## Provided entries
(* Let $G$ be a $K_4$-free disk graph, let $\mathsf{opt}$ be the minimum size of an odd cycle transversal of $G$, and let $\mathcal{T}$ be a maximal packing of the triangles of $G$. Let $\rho_0\ge 1$ and let $X_1$ be an odd cycle transversal of $G-V(\mathcal{T})$ of size at most $\rho_0$ times the minimum size of an odd cycle transversal of $G-V(\mathcal{T})$. Set $S_1=V(\mathcal{T})\cup X_1$ and $a=|\mathcal{T}|/\mathsf{opt}$ (when $\mathsf{opt}>0$). Then $|S_1|\le (3a+\rho_0(1-a))\cdot\mathsf{opt}$, equivalently $|S_1|\le 3|\mathcal{T}|+\rho_0(\mathsf{opt}-|\mathcal{T}|)$.
   Context: A disk graph is the intersection graph of a finite set of closed disks in the plane; $K_4$-free means no complete subgraph on 4 vertices. An odd cycle transversal of $G$ is a set $S\subseteq V(G)$ with $G-S$ bipartite. A triangle is a set of three pairwise adjacent vertices; a packing of triangles is a collection of pairwise vertex-disjoint triangles, maximal if no further triangle of $G$ can be added; $V(\mathcal{T})$ is the union of the triangles in $\mathcal{T}$. In the paper $X_1$ is the output of a $\rho_0$-approximation algorithm for \textsc{Bipartization} on planar graphs (the graph $G-V(\mathcal{T})$ is triangle-free, hence planar). *)

theory Defs
  imports "HOL-Analysis.Analysis"
begin

definition disk_graph :: "'a set \<Rightarrow> ('a \<Rightarrow> 'a \<Rightarrow> bool) \<Rightarrow> bool" where
  "disk_graph V E \<longleftrightarrow> finite V \<and>
     (\<forall>u v. E u v \<longrightarrow> u \<in> V \<and> v \<in> V \<and> u \<noteq> v) \<and>
     (\<exists>(c::'a \<Rightarrow> complex) (r::'a \<Rightarrow> real). (\<forall>u\<in>V. r u > 0) \<and>
        (\<forall>u\<in>V. \<forall>v\<in>V. u \<noteq> v \<longrightarrow>
            (E u v \<longleftrightarrow> cball (c u) (r u) \<inter> cball (c v) (r v) \<noteq> {})))"

definition K4_free :: "'a set \<Rightarrow> ('a \<Rightarrow> 'a \<Rightarrow> bool) \<Rightarrow> bool" where
  "K4_free V E \<longleftrightarrow> \<not> (\<exists>K. K \<subseteq> V \<and> card K = 4 \<and> (\<forall>u\<in>K. \<forall>v\<in>K. u \<noteq> v \<longrightarrow> E u v))"

definition bipartite_on :: "'a set \<Rightarrow> ('a \<Rightarrow> 'a \<Rightarrow> bool) \<Rightarrow> bool" where
  "bipartite_on V E \<longleftrightarrow> (\<exists>f :: 'a \<Rightarrow> bool. \<forall>u\<in>V. \<forall>v\<in>V. E u v \<longrightarrow> f u \<noteq> f v)"

definition is_oct :: "'a set \<Rightarrow> ('a \<Rightarrow> 'a \<Rightarrow> bool) \<Rightarrow> 'a set \<Rightarrow> bool" where
  "is_oct V E S \<longleftrightarrow> S \<subseteq> V \<and> bipartite_on (V - S) E"

definition oct_number :: "'a set \<Rightarrow> ('a \<Rightarrow> 'a \<Rightarrow> bool) \<Rightarrow> nat" where
  "oct_number V E = Min (card ` {S. is_oct V E S})"

definition triangle :: "'a set \<Rightarrow> ('a \<Rightarrow> 'a \<Rightarrow> bool) \<Rightarrow> 'a set \<Rightarrow> bool" where
  "triangle V E t \<longleftrightarrow> t \<subseteq> V \<and> card t = 3 \<and> (\<forall>u\<in>t. \<forall>v\<in>t. u \<noteq> v \<longrightarrow> E u v)"

definition triangle_packing :: "'a set \<Rightarrow> ('a \<Rightarrow> 'a \<Rightarrow> bool) \<Rightarrow> 'a set set \<Rightarrow> bool" where
  "triangle_packing V E T \<longleftrightarrow> (\<forall>t\<in>T. triangle V E t) \<and>
     (\<forall>t\<in>T. \<forall>t'\<in>T. t \<noteq> t' \<longrightarrow> t \<inter> t' = {})"

definition maximal_triangle_packing :: "'a set \<Rightarrow> ('a \<Rightarrow> 'a \<Rightarrow> bool) \<Rightarrow> 'a set set \<Rightarrow> bool" where
  "maximal_triangle_packing V E T \<longleftrightarrow> triangle_packing V E T \<and>
     (\<forall>t. triangle V E t \<and> t \<notin> T \<longrightarrow> \<not> triangle_packing V E (insert t T))"

end

theory Submission
  imports Defs
begin

(* A minimum odd cycle transversal S of G must meet every triangle, so it contains a vertex of
   each of the |T| disjoint triangles of the packing; the remaining vertices S - V(T) form an odd
   cycle transversal of G - V(T). Hence the optimum for G - V(T) is at most opt - |T|, and
   |S1| <= 3|T| + |X1| <= 3|T| + rho0 (opt - |T|). *)

lemma bipartite_on_subset:
  assumes "bipartite_on W E" "U \<subseteq> W"
  shows "bipartite_on U E"
proof -
  obtain f :: "'a \<Rightarrow> bool" where f: "\<forall>u\<in>W. \<forall>v\<in>W. E u v \<longrightarrow> f u \<noteq> f v"
    using assms(1) unfolding bipartite_on_def by (elim exE) (erule that)
  have "\<forall>u\<in>U. \<forall>v\<in>U. E u v \<longrightarrow> f u \<noteq> f v"
    using f assms(2) by (meson subsetD)
  then show ?thesis unfolding bipartite_on_def by blast
qed

lemma triangle_not_bipartite:
  assumes "triangle V E t"
  shows "\<not> bipartite_on t E"
proof
  assume "bipartite_on t E"
  then obtain f :: "'a \<Rightarrow> bool" where f: "\<forall>u\<in>t. \<forall>v\<in>t. E u v \<longrightarrow> f u \<noteq> f v"
    unfolding bipartite_on_def by (elim exE) (erule that)
  from assms have adj: "\<forall>u\<in>t. \<forall>v\<in>t. u \<noteq> v \<longrightarrow> E u v" and "card t = 3"
    by (auto simp: triangle_def)
  then obtain x y z where t: "t = {x, y, z}" "x \<noteq> y" "y \<noteq> z" "x \<noteq> z"
    by (auto simp: card_3_iff)
  have xyz: "x \<in> t" "y \<in> t" "z \<in> t" using t(1) by simp_all
  then have "E x y" "E y z" "E x z" using adj t(2-4) by blast+
  then have "f x \<noteq> f y" "f y \<noteq> f z" "f x \<noteq> f z" using f xyz by blast+
  then show False by (cases "f x"; cases "f y"; cases "f z") simp_all
qed

lemma triangle_meets_oct:
  assumes "triangle V E t" "is_oct V E S"
  shows "t \<inter> S \<noteq> {}"
proof
  assume "t \<inter> S = {}"
  then have "t \<subseteq> V - S" using assms(1) by (auto simp: triangle_def)
  then have "bipartite_on t E"
    using assms(2) bipartite_on_subset unfolding is_oct_def by blast
  then show False using assms(1) triangle_not_bipartite by blast
qed

lemma is_oct_Diff:
  assumes "is_oct V E S"
  shows "is_oct (V - A) E (S - A)"
  using assms bipartite_on_subset[of "V - S" E "V - A - (S - A)"] by (auto simp: is_oct_def)

lemma finite_is_oct:
  assumes "finite V"
  shows "finite {S. is_oct V E S}"
proof (rule finite_subset)
  show "{S. is_oct V E S} \<subseteq> Pow V" by (auto simp: is_oct_def)
qed (use assms in simp)

lemma oct_number_le:
  assumes "finite V" "is_oct V E S"
  shows "oct_number V E \<le> card S"
  unfolding oct_number_def using assms finite_is_oct by (intro Min_le) auto

lemma oct_number_attained:
  assumes "finite V"
  obtains S where "is_oct V E S" "card S = oct_number V E"
proof -
  have "is_oct V E V" by (simp add: is_oct_def bipartite_on_def)
  then have "oct_number V E \<in> card ` {S. is_oct V E S}"
    unfolding oct_number_def using assms finite_is_oct by (intro Min_in) auto
  then obtain S where "is_oct V E S" "card S = oct_number V E" by auto
  then show thesis by (rule that)
qed

lemma card_le_card_Int_Union_if_meets:
  assumes "disjoint T" "\<And>t. t \<in> T \<Longrightarrow> t \<inter> S \<noteq> {}" "finite S"
  shows "card T \<le> card (S \<inter> \<Union>T)"
proof -
  define pick where "pick t = (SOME x. x \<in> t \<inter> S)" for t
  have pick: "pick t \<in> t \<inter> S" if "t \<in> T" for t
    unfolding pick_def using assms(2)[OF that] some_in_eq by metis
  have "inj_on pick T"
  proof (rule inj_onI)
    fix t t' assume "t \<in> T" "t' \<in> T" "pick t = pick t'"
    then have "\<not> disjnt t t'" using pick unfolding disjnt_def by (metis IntD1 disjoint_iff)
    then show "t = t'" using assms(1) \<open>t \<in> T\<close> \<open>t' \<in> T\<close> by (meson pairwiseD)
  qed
  moreover have "pick ` T \<subseteq> S \<inter> \<Union>T" using pick by blast
  ultimately show ?thesis using assms(3) by (intro card_inj_on_le) auto
qed

lemma triangle_packing_disjoint:
  assumes "triangle_packing V E T"
  shows "disjoint T"
  using assms by (auto simp: triangle_packing_def pairwise_def disjnt_def)

lemma card_Union_triangle_packing:
  assumes "finite V" "triangle_packing V E T"
  shows "card (\<Union>T) = 3 * card T"
proof -
  have tri: "\<And>t. t \<in> T \<Longrightarrow> t \<subseteq> V \<and> card t = 3"
    using assms(2) by (auto simp: triangle_packing_def triangle_def)
  have "card (\<Union>T) = sum card T"
  proof (rule card_Union_disjoint)
    show "disjoint T" using assms(2) by (rule triangle_packing_disjoint)
    show "finite t" if "t \<in> T" for t using assms(1) tri[OF that] by (meson rev_finite_subset)
  qed
  also have "\<dots> = 3 * card T" using tri by simp
  finally show ?thesis .
qed

lemma oct_number_Diff_triangle_packing:
  assumes "finite V" "triangle_packing V E T"
  shows "oct_number (V - \<Union>T) E + card T \<le> oct_number V E"
proof -
  obtain S where S: "is_oct V E S" "card S = oct_number V E"
    using oct_number_attained assms(1) by blast
  have "finite S" using assms(1) S(1) unfolding is_oct_def by (meson rev_finite_subset)
  have "oct_number (V - \<Union>T) E \<le> card (S - \<Union>T)"
    using assms(1) is_oct_Diff[OF S(1)] by (intro oct_number_le) auto
  moreover have "card T \<le> card (S \<inter> \<Union>T)"
  proof (rule card_le_card_Int_Union_if_meets)
    show "disjoint T" using assms(2) by (rule triangle_packing_disjoint)
    show "t \<inter> S \<noteq> {}" if "t \<in> T" for t
      using assms(2) that by (intro triangle_meets_oct[OF _ S(1)]) (simp add: triangle_packing_def)
  qed fact
  moreover have "card S = card (S \<inter> \<Union>T) + card (S - \<Union>T)"
    using \<open>finite S\<close> by (rule card_Int_Diff)
  ultimately show ?thesis using S(2) by linarith
qed

theorem lemma7:
  fixes V :: "'a set" and E :: "'a \<Rightarrow> 'a \<Rightarrow> bool"
    and T :: "'a set set" and X1 :: "'a set" and \<rho>0 :: real
  assumes "disk_graph V E" and "K4_free V E"
    and "maximal_triangle_packing V E T"
    and "\<rho>0 \<ge> 1"
    and "is_oct (V - \<Union>T) E X1"
    and "real (card X1) \<le> \<rho>0 * real (oct_number (V - \<Union>T) E)"
  shows "(oct_number V E > 0 \<longrightarrow>
           (let opt = real (oct_number V E); a = real (card T) / opt in
              real (card (\<Union>T \<union> X1)) \<le> (3 * a + \<rho>0 * (1 - a)) * opt))
       \<and> real (card (\<Union>T \<union> X1))
           \<le> 3 * real (card T) + \<rho>0 * (real (oct_number V E) - real (card T))"
proof -
  let ?opt = "real (oct_number V E)" and ?t = "real (card T)"
  have "finite V" using assms(1) by (simp add: disk_graph_def)
  have packing: "triangle_packing V E T"
    using assms(3) by (simp add: maximal_triangle_packing_def)
  have "real (oct_number (V - \<Union>T) E) \<le> ?opt - ?t"
    using oct_number_Diff_triangle_packing[OF \<open>finite V\<close> packing] by linarith
  then have "\<rho>0 * real (oct_number (V - \<Union>T) E) \<le> \<rho>0 * (?opt - ?t)"
    using assms(4) by (intro mult_left_mono) auto
  then have "real (card X1) \<le> \<rho>0 * (?opt - ?t)"
    using assms(6) by linarith
  moreover have "card (\<Union>T \<union> X1) \<le> 3 * card T + card X1"
    using card_Un_le[of "\<Union>T" X1] card_Union_triangle_packing[OF \<open>finite V\<close> packing] by simp
  ultimately have bound: "real (card (\<Union>T \<union> X1)) \<le> 3 * ?t + \<rho>0 * (?opt - ?t)"
    by linarith
  show ?thesis
  proof (intro conjI impI)
    assume "oct_number V E > 0"
    then have "(3 * (?t / ?opt) + \<rho>0 * (1 - ?t / ?opt)) * ?opt = 3 * ?t + \<rho>0 * (?opt - ?t)"
      by (simp add: field_simps)
    then show "let opt = ?opt; a = ?t / opt in
        real (card (\<Union>T \<union> X1)) \<le> (3 * a + \<rho>0 * (1 - a)) * opt"
      using bound by (simp only: Let_def)
  qed (rule bound)
qed

end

## Brief
Begin at the line that has "triangle_packing V E T \<and>" in the entries above; stop after the line that has "(* A minimum". Transcribe exactly those lines and no others.

## Your response
  "maximal_triangle_packing V E T \<longleftrightarrow> triangle_packing V E T \<and>
     (\<forall>t. triangle V E t \<and> t \<notin> T \<longrightarrow> \<not> triangle_packing V E (insert t T))"

end

theory Submission
  imports Defs
begin

(* A minimum odd cycle transversal S of G must meet every triangle, so it contains a vertex of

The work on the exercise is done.